## ASSIGNED TASK
Range to reproduce from the entries below: the line with "ultimately show ?thesis using that", the line with "assms by simp", and every line in between. Give them exactly and give nothing else.

[PROVIDED RECORDS Boundary: Start]

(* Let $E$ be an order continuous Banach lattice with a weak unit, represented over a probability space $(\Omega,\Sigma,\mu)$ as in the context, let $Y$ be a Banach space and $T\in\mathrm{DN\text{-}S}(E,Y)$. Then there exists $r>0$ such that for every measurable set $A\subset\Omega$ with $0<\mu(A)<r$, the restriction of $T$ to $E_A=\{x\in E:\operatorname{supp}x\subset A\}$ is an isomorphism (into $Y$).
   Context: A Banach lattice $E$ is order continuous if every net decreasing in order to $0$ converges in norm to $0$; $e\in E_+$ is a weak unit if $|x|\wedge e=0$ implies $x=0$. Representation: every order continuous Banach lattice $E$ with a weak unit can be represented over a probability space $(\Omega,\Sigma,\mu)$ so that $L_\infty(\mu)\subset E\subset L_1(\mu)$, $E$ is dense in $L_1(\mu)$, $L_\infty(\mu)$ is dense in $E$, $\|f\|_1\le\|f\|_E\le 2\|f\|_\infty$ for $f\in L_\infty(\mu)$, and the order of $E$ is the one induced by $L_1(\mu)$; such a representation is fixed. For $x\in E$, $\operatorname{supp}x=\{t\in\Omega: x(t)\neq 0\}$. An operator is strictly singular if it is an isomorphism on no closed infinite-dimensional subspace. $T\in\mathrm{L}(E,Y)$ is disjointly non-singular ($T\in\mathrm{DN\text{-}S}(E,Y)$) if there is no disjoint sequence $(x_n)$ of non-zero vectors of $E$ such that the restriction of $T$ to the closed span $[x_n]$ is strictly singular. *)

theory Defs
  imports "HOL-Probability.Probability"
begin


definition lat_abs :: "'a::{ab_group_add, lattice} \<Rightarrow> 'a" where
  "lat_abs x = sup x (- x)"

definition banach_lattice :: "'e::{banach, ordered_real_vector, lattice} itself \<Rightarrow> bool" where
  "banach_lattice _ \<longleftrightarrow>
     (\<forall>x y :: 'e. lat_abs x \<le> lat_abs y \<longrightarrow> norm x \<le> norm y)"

[PROVIDED RECORDS Boundary: End]
[PROVIDED RECORDS Boundary: Start]

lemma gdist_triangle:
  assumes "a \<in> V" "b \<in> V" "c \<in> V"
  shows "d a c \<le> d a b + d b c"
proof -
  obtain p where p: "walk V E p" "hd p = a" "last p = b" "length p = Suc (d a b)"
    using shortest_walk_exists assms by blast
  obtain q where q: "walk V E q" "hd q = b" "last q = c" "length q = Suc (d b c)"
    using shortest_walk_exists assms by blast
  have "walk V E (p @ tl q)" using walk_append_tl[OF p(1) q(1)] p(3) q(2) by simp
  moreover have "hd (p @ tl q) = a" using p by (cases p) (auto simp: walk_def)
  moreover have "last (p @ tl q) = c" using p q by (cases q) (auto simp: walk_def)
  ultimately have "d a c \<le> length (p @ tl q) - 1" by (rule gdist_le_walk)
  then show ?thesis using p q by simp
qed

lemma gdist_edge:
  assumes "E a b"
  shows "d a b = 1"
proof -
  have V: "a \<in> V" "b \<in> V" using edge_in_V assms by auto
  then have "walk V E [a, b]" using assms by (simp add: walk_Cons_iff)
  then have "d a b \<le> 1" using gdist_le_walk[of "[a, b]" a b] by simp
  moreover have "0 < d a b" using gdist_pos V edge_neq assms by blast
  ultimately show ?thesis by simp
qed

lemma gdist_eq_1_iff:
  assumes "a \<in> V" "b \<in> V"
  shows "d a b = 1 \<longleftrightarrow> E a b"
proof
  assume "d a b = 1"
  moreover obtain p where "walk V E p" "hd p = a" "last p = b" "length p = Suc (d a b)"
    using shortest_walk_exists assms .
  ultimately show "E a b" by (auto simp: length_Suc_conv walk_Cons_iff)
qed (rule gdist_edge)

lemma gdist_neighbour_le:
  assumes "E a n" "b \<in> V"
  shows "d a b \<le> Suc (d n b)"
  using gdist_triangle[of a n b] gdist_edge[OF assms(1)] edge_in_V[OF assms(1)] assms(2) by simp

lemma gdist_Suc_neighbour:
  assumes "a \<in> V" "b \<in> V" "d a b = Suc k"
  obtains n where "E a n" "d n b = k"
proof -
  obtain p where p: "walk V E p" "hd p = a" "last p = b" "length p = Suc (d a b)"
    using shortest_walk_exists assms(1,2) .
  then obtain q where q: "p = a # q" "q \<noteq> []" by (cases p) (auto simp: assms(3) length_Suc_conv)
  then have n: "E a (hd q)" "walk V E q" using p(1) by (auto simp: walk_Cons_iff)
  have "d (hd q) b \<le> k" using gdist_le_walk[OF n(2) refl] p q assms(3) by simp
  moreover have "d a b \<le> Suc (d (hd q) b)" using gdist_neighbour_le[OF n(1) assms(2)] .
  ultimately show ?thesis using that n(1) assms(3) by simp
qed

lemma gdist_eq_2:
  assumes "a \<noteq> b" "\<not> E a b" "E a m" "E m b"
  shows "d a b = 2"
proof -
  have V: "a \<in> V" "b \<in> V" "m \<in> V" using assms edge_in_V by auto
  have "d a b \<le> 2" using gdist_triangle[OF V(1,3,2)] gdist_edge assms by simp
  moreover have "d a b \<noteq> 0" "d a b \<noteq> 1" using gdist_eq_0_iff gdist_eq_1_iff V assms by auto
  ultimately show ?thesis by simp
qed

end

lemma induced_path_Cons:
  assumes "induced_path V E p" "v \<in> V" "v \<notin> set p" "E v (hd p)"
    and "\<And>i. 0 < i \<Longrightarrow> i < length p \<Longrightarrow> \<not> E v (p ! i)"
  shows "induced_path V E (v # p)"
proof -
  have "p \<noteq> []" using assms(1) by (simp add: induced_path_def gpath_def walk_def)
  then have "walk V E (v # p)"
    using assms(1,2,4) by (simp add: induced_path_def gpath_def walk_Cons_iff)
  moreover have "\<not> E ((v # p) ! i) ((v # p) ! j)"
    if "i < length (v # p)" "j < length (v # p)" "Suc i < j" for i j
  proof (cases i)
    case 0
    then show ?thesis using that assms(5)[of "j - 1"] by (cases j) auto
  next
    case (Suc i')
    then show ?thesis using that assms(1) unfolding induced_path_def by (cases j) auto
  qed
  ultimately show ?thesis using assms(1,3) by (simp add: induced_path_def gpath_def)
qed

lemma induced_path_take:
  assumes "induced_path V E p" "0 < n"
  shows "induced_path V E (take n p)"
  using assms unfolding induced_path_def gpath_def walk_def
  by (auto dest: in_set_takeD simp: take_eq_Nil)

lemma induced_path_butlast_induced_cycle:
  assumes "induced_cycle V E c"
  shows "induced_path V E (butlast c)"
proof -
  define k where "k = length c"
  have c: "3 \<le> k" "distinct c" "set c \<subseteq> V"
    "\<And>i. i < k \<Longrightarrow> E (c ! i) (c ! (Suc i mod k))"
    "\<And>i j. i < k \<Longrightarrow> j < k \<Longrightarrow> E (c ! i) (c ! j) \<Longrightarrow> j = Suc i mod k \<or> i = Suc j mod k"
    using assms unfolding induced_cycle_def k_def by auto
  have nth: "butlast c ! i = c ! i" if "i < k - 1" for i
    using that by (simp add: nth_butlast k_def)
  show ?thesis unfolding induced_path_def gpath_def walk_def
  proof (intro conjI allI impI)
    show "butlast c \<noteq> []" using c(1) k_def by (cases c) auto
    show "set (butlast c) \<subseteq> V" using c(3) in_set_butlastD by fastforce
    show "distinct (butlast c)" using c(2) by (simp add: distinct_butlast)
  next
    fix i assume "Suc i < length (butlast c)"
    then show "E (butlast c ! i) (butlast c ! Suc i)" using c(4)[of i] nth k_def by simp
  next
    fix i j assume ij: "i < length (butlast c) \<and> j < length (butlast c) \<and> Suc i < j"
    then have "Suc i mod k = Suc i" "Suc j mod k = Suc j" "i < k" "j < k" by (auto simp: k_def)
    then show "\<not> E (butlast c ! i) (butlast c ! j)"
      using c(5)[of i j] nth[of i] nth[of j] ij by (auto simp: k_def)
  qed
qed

[PROVIDED RECORDS Boundary: End]

## FINAL ANSWER
  ultimately show ?thesis using that n(1) assms(3) by simp
qed

lemma gdist_eq_2:
  assumes "a \<noteq> b" "\<not> E a b" "E a m" "E m b"
  shows "d a b = 2"
proof -
  have V: "a \<in> V" "b \<in> V" "m \<in> V" using assms edge_in_V by auto
  have "d a b \<le> 2" using gdist_triangle[OF V(1,3,2)] gdist_edge assms by simp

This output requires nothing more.